Start of Data for processing
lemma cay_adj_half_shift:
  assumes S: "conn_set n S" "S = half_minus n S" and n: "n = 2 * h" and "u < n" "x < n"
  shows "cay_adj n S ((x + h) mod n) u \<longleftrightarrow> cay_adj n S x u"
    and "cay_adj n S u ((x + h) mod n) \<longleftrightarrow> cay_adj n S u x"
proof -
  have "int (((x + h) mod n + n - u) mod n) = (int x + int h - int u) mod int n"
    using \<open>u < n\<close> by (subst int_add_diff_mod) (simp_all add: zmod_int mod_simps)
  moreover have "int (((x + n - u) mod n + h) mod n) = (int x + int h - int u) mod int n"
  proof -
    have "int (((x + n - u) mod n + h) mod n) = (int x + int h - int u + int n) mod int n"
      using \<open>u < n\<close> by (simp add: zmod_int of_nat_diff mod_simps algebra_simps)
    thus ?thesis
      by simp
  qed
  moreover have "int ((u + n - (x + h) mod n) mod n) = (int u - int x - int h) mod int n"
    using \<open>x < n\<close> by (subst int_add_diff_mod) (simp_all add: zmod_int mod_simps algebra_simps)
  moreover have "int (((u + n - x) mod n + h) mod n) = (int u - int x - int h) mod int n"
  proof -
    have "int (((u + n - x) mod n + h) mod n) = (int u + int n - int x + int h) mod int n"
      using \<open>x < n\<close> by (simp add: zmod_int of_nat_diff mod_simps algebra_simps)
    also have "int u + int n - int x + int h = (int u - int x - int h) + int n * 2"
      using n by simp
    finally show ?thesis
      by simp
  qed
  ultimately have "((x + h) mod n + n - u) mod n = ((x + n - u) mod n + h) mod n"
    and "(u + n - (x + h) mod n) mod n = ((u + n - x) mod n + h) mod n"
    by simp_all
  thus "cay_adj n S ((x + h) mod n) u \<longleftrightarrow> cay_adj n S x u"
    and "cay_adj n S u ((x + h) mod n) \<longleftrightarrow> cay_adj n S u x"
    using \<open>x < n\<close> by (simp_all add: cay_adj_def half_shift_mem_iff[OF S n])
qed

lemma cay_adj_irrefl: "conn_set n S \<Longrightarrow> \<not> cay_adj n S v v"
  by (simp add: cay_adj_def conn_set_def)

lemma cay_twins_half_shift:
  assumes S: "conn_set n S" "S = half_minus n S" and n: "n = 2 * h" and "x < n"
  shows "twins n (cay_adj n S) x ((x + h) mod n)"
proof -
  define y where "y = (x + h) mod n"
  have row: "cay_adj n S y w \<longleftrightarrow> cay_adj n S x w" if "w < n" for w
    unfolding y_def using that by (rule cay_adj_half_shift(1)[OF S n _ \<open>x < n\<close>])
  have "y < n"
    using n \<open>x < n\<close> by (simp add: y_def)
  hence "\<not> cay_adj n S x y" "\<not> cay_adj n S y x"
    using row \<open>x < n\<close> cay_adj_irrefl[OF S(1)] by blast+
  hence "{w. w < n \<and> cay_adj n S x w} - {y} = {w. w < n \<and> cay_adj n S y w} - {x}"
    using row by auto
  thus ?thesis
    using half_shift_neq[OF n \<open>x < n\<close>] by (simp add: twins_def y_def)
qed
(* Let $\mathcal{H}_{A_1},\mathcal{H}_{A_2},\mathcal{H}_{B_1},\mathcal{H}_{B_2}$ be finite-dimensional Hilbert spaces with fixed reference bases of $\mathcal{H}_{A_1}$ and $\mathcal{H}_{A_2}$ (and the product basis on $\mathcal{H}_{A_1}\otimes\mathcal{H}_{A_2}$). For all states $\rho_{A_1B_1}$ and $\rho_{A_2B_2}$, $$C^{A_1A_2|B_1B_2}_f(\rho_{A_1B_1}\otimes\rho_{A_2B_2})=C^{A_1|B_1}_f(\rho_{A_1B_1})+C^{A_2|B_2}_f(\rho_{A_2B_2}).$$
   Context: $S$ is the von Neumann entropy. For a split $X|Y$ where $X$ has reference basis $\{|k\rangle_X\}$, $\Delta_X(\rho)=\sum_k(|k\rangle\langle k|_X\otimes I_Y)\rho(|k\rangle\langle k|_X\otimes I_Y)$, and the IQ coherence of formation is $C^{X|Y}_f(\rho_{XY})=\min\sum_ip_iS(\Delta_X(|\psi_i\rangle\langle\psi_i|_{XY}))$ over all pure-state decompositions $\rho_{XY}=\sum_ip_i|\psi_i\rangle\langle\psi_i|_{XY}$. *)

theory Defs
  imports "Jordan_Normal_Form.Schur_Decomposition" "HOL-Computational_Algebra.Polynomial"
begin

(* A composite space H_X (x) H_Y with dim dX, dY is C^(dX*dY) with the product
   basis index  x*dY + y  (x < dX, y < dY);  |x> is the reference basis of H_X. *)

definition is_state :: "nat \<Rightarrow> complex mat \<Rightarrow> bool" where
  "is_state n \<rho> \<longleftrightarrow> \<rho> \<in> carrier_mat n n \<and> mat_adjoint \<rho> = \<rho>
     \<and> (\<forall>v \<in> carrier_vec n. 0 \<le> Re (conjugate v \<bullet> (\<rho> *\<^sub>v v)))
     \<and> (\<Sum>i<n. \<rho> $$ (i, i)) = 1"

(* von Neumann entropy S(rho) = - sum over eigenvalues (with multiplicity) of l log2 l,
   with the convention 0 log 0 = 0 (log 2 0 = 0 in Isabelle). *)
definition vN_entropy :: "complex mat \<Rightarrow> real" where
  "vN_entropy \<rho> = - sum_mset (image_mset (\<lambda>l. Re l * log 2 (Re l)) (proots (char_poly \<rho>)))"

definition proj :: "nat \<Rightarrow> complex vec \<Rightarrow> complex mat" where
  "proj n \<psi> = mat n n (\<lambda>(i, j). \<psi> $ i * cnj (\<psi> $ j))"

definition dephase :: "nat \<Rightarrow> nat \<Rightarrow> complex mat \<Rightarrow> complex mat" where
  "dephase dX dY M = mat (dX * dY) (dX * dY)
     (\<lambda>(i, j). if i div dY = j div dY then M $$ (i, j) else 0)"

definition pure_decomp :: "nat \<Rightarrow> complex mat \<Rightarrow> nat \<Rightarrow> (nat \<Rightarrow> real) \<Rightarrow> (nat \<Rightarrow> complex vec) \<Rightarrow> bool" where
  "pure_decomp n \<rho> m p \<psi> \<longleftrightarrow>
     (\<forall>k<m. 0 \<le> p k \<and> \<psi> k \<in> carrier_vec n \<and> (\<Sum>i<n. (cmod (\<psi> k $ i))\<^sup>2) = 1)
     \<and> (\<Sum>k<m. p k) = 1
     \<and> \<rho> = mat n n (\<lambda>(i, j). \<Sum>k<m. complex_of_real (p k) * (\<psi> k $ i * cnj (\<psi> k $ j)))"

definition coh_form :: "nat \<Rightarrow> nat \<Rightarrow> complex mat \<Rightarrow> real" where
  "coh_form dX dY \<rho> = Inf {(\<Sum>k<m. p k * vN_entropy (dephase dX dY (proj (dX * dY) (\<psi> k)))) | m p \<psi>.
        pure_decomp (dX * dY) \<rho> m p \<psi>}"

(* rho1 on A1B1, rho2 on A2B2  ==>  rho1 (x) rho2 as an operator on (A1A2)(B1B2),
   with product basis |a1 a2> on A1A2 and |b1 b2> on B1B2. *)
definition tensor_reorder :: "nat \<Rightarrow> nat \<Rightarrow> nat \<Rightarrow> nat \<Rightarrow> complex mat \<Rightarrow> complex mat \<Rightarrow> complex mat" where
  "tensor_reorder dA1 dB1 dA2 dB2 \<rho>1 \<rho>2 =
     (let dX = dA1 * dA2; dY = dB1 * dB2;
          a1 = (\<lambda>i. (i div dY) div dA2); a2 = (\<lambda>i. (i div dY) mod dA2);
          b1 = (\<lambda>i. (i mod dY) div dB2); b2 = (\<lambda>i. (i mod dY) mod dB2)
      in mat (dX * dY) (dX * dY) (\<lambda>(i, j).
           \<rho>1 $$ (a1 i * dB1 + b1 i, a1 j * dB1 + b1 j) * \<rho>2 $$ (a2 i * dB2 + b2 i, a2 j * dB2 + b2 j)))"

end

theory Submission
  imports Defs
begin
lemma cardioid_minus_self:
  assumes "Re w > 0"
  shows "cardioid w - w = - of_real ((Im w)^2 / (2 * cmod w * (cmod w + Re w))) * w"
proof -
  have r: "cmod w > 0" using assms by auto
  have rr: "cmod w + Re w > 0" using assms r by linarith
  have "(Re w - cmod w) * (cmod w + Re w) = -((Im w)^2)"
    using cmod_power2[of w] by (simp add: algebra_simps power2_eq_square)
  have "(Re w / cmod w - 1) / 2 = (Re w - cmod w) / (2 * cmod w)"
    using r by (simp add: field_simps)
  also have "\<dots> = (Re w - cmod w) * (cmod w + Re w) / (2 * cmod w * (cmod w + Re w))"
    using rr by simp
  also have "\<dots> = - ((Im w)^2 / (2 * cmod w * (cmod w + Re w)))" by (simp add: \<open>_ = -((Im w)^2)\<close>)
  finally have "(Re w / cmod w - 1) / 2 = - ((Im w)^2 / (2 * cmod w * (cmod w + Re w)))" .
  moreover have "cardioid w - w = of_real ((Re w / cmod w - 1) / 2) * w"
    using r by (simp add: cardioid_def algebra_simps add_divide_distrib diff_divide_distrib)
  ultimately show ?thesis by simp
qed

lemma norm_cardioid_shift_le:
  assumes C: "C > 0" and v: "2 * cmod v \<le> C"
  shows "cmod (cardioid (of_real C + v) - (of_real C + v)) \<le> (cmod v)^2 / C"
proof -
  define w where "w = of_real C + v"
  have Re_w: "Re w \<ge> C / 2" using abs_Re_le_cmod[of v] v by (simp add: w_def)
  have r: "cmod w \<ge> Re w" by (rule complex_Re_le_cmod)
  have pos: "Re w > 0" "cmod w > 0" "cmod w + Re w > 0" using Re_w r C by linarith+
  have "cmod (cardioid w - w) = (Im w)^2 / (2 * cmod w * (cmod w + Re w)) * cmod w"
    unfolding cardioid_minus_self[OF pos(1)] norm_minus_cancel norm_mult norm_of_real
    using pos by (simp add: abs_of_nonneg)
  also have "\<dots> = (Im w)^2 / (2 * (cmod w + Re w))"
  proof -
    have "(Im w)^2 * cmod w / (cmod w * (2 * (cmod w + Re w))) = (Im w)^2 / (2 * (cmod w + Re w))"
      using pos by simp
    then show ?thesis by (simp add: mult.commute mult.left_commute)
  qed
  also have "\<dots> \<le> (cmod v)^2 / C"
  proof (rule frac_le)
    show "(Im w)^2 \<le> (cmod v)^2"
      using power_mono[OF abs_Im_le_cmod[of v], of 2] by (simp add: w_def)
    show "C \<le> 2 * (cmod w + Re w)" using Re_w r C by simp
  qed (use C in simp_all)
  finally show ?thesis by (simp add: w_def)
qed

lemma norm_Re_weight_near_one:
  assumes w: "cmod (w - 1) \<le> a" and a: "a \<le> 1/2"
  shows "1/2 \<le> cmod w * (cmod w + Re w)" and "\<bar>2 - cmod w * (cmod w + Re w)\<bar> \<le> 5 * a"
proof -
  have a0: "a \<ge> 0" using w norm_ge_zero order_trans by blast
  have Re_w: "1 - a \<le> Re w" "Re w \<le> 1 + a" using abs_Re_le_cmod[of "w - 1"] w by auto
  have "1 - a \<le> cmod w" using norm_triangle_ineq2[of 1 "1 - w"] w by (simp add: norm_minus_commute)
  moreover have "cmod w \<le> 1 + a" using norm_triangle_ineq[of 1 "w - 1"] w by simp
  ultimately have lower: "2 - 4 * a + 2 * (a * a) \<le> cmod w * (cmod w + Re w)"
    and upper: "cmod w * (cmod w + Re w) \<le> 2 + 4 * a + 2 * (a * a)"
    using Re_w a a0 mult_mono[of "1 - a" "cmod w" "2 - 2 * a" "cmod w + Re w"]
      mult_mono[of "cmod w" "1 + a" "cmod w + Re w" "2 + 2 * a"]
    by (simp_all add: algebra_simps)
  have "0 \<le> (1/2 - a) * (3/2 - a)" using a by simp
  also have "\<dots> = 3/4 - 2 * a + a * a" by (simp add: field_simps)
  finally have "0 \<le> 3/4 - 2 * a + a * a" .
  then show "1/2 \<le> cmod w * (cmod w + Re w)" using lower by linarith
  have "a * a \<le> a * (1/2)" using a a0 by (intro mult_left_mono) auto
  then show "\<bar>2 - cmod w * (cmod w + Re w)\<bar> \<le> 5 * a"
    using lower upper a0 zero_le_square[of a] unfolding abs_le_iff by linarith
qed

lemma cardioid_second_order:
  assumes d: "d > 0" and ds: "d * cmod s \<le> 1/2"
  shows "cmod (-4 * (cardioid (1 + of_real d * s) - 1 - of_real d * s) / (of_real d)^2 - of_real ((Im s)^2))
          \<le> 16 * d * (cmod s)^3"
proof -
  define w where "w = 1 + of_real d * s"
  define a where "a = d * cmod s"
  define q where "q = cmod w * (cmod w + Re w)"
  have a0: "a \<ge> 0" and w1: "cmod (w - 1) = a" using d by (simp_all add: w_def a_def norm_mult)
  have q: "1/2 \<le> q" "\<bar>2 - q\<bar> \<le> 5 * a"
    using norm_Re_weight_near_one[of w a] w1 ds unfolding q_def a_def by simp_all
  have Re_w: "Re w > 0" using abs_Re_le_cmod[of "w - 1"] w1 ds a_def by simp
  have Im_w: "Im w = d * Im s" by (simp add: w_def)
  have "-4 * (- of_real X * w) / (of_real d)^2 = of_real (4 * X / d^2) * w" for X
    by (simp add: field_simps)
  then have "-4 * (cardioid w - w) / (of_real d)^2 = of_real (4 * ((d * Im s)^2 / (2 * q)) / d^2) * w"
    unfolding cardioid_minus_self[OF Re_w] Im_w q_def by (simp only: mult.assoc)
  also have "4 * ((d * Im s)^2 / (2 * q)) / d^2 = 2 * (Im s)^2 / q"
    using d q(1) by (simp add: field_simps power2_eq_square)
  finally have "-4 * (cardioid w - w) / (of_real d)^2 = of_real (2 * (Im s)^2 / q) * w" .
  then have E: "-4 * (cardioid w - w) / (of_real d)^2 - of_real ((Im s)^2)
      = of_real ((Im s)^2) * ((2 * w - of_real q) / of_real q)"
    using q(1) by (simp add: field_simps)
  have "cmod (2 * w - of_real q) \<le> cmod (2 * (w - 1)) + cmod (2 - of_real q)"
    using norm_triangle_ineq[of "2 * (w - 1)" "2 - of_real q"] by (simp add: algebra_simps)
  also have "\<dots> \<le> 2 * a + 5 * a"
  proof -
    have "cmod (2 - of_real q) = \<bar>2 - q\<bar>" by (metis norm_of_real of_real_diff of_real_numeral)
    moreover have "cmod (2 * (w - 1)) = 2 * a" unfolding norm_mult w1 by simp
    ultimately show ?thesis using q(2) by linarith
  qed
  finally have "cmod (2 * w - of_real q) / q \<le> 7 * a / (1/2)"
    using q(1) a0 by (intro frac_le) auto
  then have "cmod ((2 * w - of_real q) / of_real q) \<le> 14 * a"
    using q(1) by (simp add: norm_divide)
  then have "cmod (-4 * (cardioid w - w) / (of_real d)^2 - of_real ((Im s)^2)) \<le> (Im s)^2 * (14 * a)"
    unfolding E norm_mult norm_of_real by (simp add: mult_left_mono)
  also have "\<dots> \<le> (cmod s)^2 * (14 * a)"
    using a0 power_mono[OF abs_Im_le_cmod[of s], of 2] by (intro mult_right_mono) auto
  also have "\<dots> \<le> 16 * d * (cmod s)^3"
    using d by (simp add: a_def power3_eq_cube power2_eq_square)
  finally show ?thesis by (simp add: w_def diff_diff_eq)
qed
End of Data for processing
- _Work to complete_:
Nothing before the line containing "unfolding E norm_mult" should be repeated; repeat that line and all later lines through the end of the data above, exactly.

- _Reply_:
    unfolding E norm_mult norm_of_real by (simp add: mult_left_mono)
  also have "\<dots> \<le> (cmod s)^2 * (14 * a)"
    using a0 power_mono[OF abs_Im_le_cmod[of s], of 2] by (intro mult_right_mono) auto
  also have "\<dots> \<le> 16 * d * (cmod s)^3"
    using d by (simp add: a_def power3_eq_cube power2_eq_square)
  finally show ?thesis by (simp add: w_def diff_diff_eq)
qed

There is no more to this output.